ASSIGNED TASK.
The answer must consist of every line from the entries below that contains the word "begin".

Saved entries.

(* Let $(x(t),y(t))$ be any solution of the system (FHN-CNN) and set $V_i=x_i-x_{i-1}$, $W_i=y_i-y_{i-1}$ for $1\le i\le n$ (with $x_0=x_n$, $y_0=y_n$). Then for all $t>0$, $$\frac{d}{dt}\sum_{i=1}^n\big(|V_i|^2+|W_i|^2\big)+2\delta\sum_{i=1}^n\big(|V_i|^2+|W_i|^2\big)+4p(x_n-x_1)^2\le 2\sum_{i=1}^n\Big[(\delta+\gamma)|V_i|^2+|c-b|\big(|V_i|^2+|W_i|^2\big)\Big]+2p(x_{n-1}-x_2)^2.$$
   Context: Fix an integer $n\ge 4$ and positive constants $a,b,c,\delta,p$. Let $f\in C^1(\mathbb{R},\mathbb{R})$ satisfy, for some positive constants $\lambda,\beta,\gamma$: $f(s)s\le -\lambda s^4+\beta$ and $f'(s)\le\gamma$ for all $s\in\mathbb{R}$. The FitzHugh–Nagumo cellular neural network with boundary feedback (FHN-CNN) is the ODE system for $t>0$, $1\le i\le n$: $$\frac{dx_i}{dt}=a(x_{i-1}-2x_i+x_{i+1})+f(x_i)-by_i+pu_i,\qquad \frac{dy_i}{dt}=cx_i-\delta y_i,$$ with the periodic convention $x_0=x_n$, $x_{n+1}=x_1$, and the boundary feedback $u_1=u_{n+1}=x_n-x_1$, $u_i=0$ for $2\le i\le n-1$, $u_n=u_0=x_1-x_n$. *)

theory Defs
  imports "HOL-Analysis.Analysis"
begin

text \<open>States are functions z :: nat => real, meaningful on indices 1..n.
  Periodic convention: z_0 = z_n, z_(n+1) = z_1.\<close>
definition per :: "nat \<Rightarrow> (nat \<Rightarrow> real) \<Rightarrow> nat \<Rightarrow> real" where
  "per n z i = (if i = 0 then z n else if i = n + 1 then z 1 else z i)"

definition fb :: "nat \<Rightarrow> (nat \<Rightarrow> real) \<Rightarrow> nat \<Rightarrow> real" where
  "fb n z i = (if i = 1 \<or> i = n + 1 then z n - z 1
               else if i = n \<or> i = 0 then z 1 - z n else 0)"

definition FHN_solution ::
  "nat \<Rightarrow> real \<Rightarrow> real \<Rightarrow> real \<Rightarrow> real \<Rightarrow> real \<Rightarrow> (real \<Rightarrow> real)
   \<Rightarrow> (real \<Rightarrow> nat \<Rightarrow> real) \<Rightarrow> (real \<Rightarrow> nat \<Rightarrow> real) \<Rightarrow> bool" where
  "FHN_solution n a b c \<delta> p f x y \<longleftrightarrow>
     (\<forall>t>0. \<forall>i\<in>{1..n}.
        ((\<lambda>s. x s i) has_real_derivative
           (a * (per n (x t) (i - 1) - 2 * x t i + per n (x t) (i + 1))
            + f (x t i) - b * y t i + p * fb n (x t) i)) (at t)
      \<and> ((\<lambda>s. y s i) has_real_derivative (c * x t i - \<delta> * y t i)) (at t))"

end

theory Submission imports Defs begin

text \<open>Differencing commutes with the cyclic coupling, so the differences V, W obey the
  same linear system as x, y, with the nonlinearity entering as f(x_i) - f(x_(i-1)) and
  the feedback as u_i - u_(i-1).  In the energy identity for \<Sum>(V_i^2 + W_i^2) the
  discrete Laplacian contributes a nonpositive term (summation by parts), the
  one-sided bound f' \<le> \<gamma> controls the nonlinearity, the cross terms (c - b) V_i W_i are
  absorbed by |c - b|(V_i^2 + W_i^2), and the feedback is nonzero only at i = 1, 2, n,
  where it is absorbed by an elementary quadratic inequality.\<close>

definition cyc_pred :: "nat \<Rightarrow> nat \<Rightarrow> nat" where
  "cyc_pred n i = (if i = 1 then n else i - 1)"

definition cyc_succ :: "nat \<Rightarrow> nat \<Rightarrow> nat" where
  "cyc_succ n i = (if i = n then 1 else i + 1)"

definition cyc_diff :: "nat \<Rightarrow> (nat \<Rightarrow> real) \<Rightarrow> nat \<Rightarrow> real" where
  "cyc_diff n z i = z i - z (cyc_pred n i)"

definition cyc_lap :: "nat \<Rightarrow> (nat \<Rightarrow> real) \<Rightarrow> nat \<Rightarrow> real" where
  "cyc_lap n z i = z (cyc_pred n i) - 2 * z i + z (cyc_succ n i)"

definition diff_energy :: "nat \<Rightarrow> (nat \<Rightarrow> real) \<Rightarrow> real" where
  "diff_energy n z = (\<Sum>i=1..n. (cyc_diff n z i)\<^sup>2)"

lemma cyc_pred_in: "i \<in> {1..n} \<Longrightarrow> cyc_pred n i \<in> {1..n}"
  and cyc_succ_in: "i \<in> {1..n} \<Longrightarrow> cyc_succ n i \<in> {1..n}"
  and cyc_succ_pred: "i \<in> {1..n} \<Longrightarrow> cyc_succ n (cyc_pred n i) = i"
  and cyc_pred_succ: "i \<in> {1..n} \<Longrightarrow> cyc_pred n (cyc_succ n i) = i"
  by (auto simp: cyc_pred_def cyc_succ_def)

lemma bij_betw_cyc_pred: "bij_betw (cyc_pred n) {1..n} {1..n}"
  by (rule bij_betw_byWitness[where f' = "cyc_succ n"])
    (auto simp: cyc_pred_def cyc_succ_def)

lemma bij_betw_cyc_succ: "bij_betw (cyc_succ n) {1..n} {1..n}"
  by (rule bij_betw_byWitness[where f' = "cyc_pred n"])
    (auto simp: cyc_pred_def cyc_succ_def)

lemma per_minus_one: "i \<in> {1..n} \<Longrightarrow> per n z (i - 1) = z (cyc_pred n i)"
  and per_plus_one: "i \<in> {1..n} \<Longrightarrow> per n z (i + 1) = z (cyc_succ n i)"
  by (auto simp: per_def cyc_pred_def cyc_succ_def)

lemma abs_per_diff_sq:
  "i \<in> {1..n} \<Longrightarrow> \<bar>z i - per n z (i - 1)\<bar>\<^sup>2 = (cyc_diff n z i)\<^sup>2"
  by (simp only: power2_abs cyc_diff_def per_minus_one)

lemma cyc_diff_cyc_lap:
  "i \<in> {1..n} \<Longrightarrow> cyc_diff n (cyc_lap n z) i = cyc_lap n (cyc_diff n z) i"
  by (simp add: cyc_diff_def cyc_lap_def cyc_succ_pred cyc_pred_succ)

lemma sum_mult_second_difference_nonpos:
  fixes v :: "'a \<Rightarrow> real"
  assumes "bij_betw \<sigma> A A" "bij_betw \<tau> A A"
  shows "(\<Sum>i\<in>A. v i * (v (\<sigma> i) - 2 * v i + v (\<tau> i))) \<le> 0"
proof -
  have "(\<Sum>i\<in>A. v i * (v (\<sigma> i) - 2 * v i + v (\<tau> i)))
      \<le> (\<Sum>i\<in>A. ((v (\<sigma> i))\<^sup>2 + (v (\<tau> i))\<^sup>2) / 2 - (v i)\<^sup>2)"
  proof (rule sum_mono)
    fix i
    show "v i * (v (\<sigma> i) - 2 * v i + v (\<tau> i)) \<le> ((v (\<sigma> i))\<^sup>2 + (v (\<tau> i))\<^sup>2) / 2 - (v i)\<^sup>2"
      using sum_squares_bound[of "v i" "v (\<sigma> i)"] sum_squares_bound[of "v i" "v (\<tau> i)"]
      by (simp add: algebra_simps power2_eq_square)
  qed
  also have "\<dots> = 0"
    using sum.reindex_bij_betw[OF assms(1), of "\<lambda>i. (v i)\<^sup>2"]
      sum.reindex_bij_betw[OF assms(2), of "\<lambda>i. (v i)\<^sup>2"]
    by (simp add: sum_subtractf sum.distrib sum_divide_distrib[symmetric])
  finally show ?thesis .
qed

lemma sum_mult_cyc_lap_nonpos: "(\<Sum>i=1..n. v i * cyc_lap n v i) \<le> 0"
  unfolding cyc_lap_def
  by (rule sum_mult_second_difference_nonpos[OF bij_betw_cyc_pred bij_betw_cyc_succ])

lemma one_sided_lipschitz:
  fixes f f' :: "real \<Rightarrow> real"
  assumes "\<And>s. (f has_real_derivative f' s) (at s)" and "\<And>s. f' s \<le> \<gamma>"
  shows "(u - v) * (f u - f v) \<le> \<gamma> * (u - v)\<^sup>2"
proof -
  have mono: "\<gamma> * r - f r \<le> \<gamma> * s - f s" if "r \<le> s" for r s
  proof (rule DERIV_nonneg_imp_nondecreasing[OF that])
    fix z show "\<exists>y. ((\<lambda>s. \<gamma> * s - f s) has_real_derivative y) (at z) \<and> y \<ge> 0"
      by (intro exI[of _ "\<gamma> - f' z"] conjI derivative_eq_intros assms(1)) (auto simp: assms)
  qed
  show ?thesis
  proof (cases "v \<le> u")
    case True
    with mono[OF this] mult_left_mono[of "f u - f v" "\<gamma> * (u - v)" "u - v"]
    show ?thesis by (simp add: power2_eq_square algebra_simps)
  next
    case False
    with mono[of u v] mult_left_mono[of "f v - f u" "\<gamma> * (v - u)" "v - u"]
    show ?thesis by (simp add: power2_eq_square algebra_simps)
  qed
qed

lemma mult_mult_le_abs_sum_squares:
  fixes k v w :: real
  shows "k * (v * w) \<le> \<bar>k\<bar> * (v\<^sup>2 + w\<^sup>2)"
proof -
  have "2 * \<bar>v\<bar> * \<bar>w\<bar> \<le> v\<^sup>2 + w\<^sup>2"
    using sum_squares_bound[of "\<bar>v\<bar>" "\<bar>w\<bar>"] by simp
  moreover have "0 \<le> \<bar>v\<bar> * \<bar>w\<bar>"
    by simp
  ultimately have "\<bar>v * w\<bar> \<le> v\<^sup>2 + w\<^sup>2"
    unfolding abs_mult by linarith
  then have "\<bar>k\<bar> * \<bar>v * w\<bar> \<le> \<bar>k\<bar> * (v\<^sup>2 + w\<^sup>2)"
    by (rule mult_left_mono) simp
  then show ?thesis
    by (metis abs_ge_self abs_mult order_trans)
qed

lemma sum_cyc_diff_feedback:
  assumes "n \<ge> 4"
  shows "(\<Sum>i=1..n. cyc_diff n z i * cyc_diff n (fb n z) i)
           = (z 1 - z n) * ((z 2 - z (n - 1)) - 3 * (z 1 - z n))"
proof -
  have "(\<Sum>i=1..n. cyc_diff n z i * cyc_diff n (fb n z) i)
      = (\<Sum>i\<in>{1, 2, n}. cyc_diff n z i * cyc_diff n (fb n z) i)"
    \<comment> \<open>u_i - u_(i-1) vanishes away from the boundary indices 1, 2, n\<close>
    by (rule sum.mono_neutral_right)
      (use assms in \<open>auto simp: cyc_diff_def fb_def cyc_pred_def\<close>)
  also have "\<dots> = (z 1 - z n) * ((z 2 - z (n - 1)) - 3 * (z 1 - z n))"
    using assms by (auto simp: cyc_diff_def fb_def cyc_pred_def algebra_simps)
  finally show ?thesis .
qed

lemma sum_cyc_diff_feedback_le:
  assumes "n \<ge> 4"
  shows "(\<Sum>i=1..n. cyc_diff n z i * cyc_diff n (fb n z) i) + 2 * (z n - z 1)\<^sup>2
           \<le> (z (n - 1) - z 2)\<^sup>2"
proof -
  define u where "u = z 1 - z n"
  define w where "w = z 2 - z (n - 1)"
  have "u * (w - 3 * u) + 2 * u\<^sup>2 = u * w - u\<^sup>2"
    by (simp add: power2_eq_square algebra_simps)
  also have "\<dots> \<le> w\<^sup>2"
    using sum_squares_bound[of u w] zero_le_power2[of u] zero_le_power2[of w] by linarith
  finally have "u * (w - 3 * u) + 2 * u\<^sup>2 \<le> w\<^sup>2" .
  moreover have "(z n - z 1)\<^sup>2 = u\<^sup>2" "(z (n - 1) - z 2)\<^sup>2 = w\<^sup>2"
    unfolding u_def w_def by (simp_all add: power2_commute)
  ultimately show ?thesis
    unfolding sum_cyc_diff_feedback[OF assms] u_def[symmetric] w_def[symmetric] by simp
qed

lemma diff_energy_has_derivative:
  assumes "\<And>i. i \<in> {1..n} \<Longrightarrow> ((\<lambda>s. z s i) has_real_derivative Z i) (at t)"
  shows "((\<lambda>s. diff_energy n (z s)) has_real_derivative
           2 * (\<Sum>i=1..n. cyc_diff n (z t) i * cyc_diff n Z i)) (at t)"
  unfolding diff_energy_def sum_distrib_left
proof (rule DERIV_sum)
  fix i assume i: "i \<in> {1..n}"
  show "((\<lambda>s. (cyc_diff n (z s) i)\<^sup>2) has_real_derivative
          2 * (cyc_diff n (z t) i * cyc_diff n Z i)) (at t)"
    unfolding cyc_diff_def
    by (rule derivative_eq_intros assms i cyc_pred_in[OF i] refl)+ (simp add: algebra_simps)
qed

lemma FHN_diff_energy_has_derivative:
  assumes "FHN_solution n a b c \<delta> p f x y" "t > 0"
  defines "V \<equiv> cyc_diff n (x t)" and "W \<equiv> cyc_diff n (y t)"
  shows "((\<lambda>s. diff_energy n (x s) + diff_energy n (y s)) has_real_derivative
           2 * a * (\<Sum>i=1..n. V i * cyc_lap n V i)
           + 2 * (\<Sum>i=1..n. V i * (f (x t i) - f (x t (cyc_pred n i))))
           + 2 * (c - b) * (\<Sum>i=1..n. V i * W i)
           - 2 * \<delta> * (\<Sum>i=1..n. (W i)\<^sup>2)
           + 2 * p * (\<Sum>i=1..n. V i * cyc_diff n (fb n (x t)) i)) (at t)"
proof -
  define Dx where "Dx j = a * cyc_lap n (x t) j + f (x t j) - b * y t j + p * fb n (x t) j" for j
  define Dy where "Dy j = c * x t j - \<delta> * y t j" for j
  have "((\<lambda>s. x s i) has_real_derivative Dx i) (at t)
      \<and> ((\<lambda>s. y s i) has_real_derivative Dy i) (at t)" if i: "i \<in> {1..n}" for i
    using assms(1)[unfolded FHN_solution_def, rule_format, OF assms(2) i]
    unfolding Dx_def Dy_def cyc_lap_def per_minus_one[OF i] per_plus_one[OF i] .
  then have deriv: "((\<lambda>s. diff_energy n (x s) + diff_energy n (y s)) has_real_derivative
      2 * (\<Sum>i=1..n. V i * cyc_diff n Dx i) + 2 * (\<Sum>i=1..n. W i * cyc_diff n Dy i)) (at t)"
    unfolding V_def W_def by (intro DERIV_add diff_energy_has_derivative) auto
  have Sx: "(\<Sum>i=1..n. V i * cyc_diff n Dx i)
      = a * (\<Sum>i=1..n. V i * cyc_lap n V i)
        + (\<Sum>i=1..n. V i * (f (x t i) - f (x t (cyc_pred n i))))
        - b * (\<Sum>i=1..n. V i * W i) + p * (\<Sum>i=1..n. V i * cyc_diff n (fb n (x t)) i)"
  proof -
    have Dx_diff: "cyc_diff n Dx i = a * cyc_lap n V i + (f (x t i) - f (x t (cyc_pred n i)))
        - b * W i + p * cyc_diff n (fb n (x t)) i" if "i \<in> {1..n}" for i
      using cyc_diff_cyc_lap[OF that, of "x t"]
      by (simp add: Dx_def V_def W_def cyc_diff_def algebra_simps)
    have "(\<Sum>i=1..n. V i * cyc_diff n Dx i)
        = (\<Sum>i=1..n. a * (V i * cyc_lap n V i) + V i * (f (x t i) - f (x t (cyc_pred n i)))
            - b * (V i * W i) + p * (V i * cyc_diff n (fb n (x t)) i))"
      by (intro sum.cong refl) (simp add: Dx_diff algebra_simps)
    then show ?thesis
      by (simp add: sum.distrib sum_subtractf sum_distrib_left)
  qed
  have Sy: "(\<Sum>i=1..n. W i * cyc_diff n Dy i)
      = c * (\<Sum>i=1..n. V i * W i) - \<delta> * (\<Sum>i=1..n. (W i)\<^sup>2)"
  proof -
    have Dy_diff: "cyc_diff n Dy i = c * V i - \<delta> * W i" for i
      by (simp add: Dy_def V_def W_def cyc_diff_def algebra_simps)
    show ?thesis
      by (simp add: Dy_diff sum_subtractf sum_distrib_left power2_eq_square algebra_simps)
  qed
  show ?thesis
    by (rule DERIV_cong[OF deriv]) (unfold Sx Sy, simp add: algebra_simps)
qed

WRITTEN SOLUTION.
begin
theory Submission imports Defs begin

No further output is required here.